Below is his email in full:

Shane – someone has misinformed you on planned parenthood funding and the cr.

As you may know, the House and Senate passed a short-term bill that funds federal government operations through December 11th. There was some confusion that this measure allowed for continued federal funding of Planned Parenthood. That narrative is false – as Carol Tobias, President of National Right to Life correctly noted: “federal Planned Parenthood fund funds flow through “entitlement” programs such as Medicaid – and those entitlement programs do not do not depend on enactment of the annual funding bills”.

This was also verified by the legislative research branch of Congress and the respected Politifact website.

What action has the U.S. House of Representatives taken on this issue?

The House of Representatives has already passed three bills to defund or rein in Planned Parenthood’s abortion activities and is continuing those efforts.

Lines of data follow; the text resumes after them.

theorem theorem3p2:
  fixes F :: "nat set set" and e f :: "nat \<Rightarrow> 'a::banach" and n :: "nat \<Rightarrow> nat"
  assumes "is_set_filter F"
    and "F_basis F e"
    and "schauder_basis f"
    and "strict_mono n" and "range n \<in> F"
    and "\<forall>j. \<exists>M. is_support (schauder_coord f)
              (\<lambda>x. F_partial F e (n j) x - schauder_partial f (n j) x) M"
    and "\<forall>i j M M'. i < j \<longrightarrow>
           is_support (schauder_coord f) (\<lambda>x. F_partial F e (n i) x - schauder_partial f (n i) x) M \<longrightarrow>
           is_support (schauder_coord f) (\<lambda>x. F_partial F e (n j) x - schauder_partial f (n j) x) M' \<longrightarrow>
           set_less M M'"
  shows "\<forall>x. \<exists>A\<in>F. \<forall>\<epsilon>>0. \<exists>N. \<forall>\<nu>\<in>A. \<nu> \<ge> N \<longrightarrow> norm (F_partial F e \<nu> x - x) < \<epsilon>"
proof
  fix x :: 'a
  define D where "D j w = F_partial F e (n j) w - schauder_partial f (n j) w" for j w
  have "\<forall>j. \<exists>M. is_support (schauder_coord f) (D j) M"
    using assms(6) unfolding D_def .
  then obtain M where M: "\<And>j. is_support (schauder_coord f) (D j) (M j)"
    by (rule choice[THEN exE]) blast
  have "ordered_blocks M"
    unfolding ordered_blocks_def
  proof (intro conjI allI impI)
    show "finite (M j)" for j using M[of j] unfolding is_support_def by blast
    show "set_less (M i) (M j)" if "i < j" for i j
      using assms(7)[rule_format, OF that M[of i, unfolded D_def] M[of j, unfolded D_def]] .
  qed
  then obtain z c where c: "filterlim c at_top sequentially"
    and coords: "\<forall>j. \<forall>m\<in>M j. schauder_coord f m z = c j * schauder_coord f m x"
    using block_amplification[OF assms(3)] by blast
  have Dz: "D j z = c j *\<^sub>R D j x" for j
    using coords by (intro support_scale[OF M]) blast
  obtain B where B: "B \<in> F" "\<forall>\<nu>\<in>B. norm (z - F_partial F e \<nu> z) < 1/2"
    using F_partial_F_lim[OF assms(2), of z, unfolded F_lim_def, rule_format, of "1/2"] by auto
  define G where "G = inf sequentially (principal {j. n j \<in> B})"
  have T: "((\<lambda>j. schauder_partial f (n j) w) \<longlongrightarrow> w) G" for w
    using LIMSEQ_subseq_LIMSEQ[OF schauder_partial_tendsto[OF assms(3)] assms(4)]
    unfolding G_def o_def by (rule tendsto_mono[rotated]) simp
  have "eventually (\<lambda>j. norm (D j z) \<le> 1) G"
  proof -
    have "eventually (\<lambda>j. n j \<in> B) G"
      unfolding G_def eventually_inf_principal by simp
    moreover have "eventually (\<lambda>j. norm (schauder_partial f (n j) z - z) < 1/2) G"
      using tendstoD[OF T[of z], of "1/2"] by (simp add: dist_norm)
    ultimately show ?thesis
    proof eventually_elim
      case (elim j)
      have "D j z = (F_partial F e (n j) z - z) + (z - schauder_partial f (n j) z)"
        unfolding D_def by simp
      then have "norm (D j z) \<le> norm (z - F_partial F e (n j) z) + norm (schauder_partial f (n j) z - z)"
        by (metis norm_minus_commute norm_triangle_ineq)
      then show ?case using elim B(2) by fastforce
    qed
  qed
  then have "((\<lambda>j. D j x) \<longlongrightarrow> 0) G"
    unfolding Dz G_def
    by (rule scaled_bounded_tendsto_zero[OF filterlim_mono[OF c order_refl inf_le1]])
  from tendsto_add[OF this T[of x]] have "((\<lambda>j. F_partial F e (n j) x) \<longlongrightarrow> x) G"
    by (simp add: D_def)
  then show "\<exists>A\<in>F. \<forall>\<epsilon>>0. \<exists>N. \<forall>\<nu>\<in>A. \<nu> \<ge> N \<longrightarrow> norm (F_partial F e \<nu> x - x) < \<epsilon>"
    using F_brackets_from_subsequence[OF assms(1,4,5) B(1), of "\<lambda>\<nu>. F_partial F e \<nu> x"]
    unfolding G_def by blast
qed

On Friday, September 18, Congressman Young voted in support of H.R. 3134 – the Defund Planned Parenthood Act. This bill prohibits any federal funds from going to Planned Parenthood or any of its affiliates and clinics for one year unless they can certify that no abortions will be performed at the facility, except in cases of rape, incest or if a woman’s life is endangered. In addition, the group would be prohibited from providing money to another entity to perform an abortion. The U.S. Department of Health Human Services and the U.S. Department of Agriculture would be required to recoup all federal assistance if Planned Parenthood or its affiliates and clinics violate these terms. H.R. 3134 passed the House by a vote of 241-187.

On Friday, September 18, David also voted for H.R. 3504 – the Born-Alive Abortion Survivors Protection Act. This bill would require any health care practitioner present when a baby is born alive following an abortion to take all efforts to save the child. It would also ensure the criminal prosecution for murder anyone who kills a baby following a botched abortion. H.R. 3504 also passed the House by a vote of 248-177.

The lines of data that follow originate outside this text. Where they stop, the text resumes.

lemma
  fixes \<zeta> :: "'s::finite \<Rightarrow> 'a::finite \<Rightarrow> real measure"
  assumes mdp: "valid_mdp P \<pi> R \<gamma>" and bounded: "\<And>s a. bounded_dist (\<zeta> s a)"
  shows bellman_cdf_lim_at_top: "(bellman_cdf P \<pi> R \<gamma> \<zeta> s a \<longlongrightarrow> 1) at_top"
    and bellman_cdf_lim_at_bot: "(bellman_cdf P \<pi> R \<gamma> \<zeta> s a \<longlongrightarrow> 0) at_bot"
proof -
  obtain B where B: "\<And>s a. measure (\<zeta> s a) {-B..B} = 1"
    using bounded_dist_uniform_bound[of "case_prod \<zeta>"] bounded by fastforce
  obtain BR where BR: "measure (R s a) {-BR..BR} = 1"
    using mdp unfolding valid_mdp_def by blast
  have \<gamma>: "0 < \<gamma>" and R: "real_distribution (R s a)"
    using mdp unfolding valid_mdp_def by auto
  have \<zeta>: "\<And>s a. real_distribution (\<zeta> s a)" using bounded unfolding bounded_dist_def by blast
  have reward_bounded: "AE r in R s a. \<bar>r\<bar> \<le> \<bar>BR\<bar>"
  proof -
    interpret real_distribution "R s a" by (fact R)
    have "AE r in R s a. r \<in> {-BR..BR}" using BR by (intro AE_prob_1) auto
    then show ?thesis by eventually_elim auto
  qed
  have \<gamma>B: "\<gamma> * B \<le> \<gamma> * \<bar>B\<bar>" using \<gamma> by (intro mult_left_mono) auto
  define Z where "Z = \<gamma> * \<bar>B\<bar> + \<bar>BR\<bar>"
  have "bellman_cdf P \<pi> R \<gamma> \<zeta> s a z = 1" if "Z \<le> z" for z
  proof -
    have "AE r in R s a. cdf (\<zeta> s' a') ((z - r) / \<gamma>) = 1" for s' a'
      using reward_bounded
    proof eventually_elim
      case (elim r)
      then have "\<gamma> * B \<le> z - r" using \<open>Z \<le> z\<close> \<gamma>B unfolding Z_def by linarith
      then have "B \<le> (z - r) / \<gamma>" using \<gamma> by (simp add: pos_le_divide_eq mult.commute)
      then show ?case by (rule real_distribution.cdf_eq_1_above_support[OF \<zeta> B])
    qed
    then show ?thesis by (rule bellman_cdf_eq_const[OF mdp \<zeta>])
  qed
  then show "(bellman_cdf P \<pi> R \<gamma> \<zeta> s a \<longlongrightarrow> 1) at_top"
    by (intro tendsto_eventually) (auto simp: eventually_at_top_linorder)
  have "bellman_cdf P \<pi> R \<gamma> \<zeta> s a z = 0" if "z \<le> -Z - 1" for z
  proof -
    have "AE r in R s a. cdf (\<zeta> s' a') ((z - r) / \<gamma>) = 0" for s' a'
      using reward_bounded
    proof eventually_elim
      case (elim r)
      then have "z - r < \<gamma> * -B" using \<open>z \<le> -Z - 1\<close> \<gamma>B unfolding Z_def by linarith
      then have "(z - r) / \<gamma> < -B" using \<gamma> by (simp add: pos_divide_less_eq mult.commute)
      then show ?case by (rule real_distribution.cdf_eq_0_below_support[OF \<zeta> B])
    qed
    then show ?thesis by (rule bellman_cdf_eq_const[OF mdp \<zeta>])
  qed
  then show "(bellman_cdf P \<pi> R \<gamma> \<zeta> s a \<longlongrightarrow> 0) at_bot"
    by (intro tendsto_eventually) (auto simp: eventually_at_bot_linorder)
qed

On Tuesday, September 29, David voted in support of H. R. 3495 – the Women’s Public Health and Safety Act. This bill would grant states the authority to disqualify health care providers that perform abortions from its state Medicaid plan. The bill would not apply to cases of rape, incest, or endangerment of the mother’s life. This bill also was passed by the House of Representatives by a vote of 236-193.

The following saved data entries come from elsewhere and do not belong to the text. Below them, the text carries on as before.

theorem mainTheorem5:
  fixes p1 p3 \<beta> q0 q1 q2 :: real
  assumes "q2 = 5 * (q1 - 2 * q0)"
    and "p3 = 0 \<or> \<beta> = 1/2"
  shows "(\<exists>F. is_poly5 F \<and>
            (\<forall>u. smooth2 u \<and> solves_eq p1 p3 \<beta> q0 q1 q2 u \<longrightarrow>
               (\<forall>x t. Dt (\<lambda>y s. (u y s)\<^sup>2) x t =
                  deriv (\<lambda>y. F (u y t) (Dx 1 u y t) (Dx 2 u y t) (Dx 3 u y t) (Dx 4 u y t)) x)))
       \<and> (\<forall>u. smooth2 u \<and> solves_eq p1 p3 \<beta> q0 q1 q2 u \<and> rapid_decay u \<longrightarrow>
            (\<forall>t1 t2. integral UNIV (\<lambda>x. (u x t1)\<^sup>2) = integral UNIV (\<lambda>x. (u x t2)\<^sup>2)))"
proof (intro conjI exI[of _ "flux p1 p3 q0 q1"] allI impI)
  show "is_poly5 (flux p1 p3 q0 q1)"
    by (rule is_poly5_flux)
  show "Dt (\<lambda>y s. (u y s)\<^sup>2) x t =
      deriv (\<lambda>y. flux p1 p3 q0 q1 (u y t) (Dx 1 u y t) (Dx 2 u y t) (Dx 3 u y t) (Dx 4 u y t)) x"
    if "smooth2 u \<and> solves_eq p1 p3 \<beta> q0 q1 q2 u" for u x t
    using local_conservation_law[OF _ _ assms] that by (blast intro: DERIV_imp_deriv[symmetric])
  show "integral UNIV (\<lambda>x. (u x t1)\<^sup>2) = integral UNIV (\<lambda>x. (u x t2)\<^sup>2)"
    if "smooth2 u \<and> solves_eq p1 p3 \<beta> q0 q1 q2 u \<and> rapid_decay u" for u t1 t2
    using integral_square_conserved[OF _ _ _ assms] that by blast
qed

end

Further, in the coming weeks, the House and Senate will take straight up-or-down votes on a bill that will defund Planned Parenthood and other abortion providers, which is very similar to the House-passed Defund Planned Parenthood Act, and send it to President Obama’s desk.

Because the House and new Republican Senate passed a joint budget for the first time since 2009, they were able to give what are known as “reconciliation instructions” to committees, which require them to pass bills meeting specific deficit reduction targets. The House Energy and Commerce Committee passed its reconciliation bill on September 29, which would prohibit federal funds from going to abortion providers for the next year. Reconciliation rules allow both chambers to take a straight up-or-down vote on the bill, meaning Congressional Republicans can use this one chance to overcome the Senate’s cloture rule (which requires 60 votes in the Senate to end debate on a bill and move into a majority rules vote on the bill) to place a Planned Parenthood defunding bill on President Obama’s desk. The President will be forced to sign or explain to Americans why he vetoed it.

Also, while budget rules do not allow for the reconciliation process to fully repeal the Affordable Care Act law (Obamacare), the House package does include the repeal of a number of the law’s worst parts including the individual and employer mandate taxes, the Medical Device Tax, and the Independent Payment Advisory Board (IPAB).

Please let me know if I can answer any questions regarding these developments or provide you with additional information on these or other issues being debated by Congress.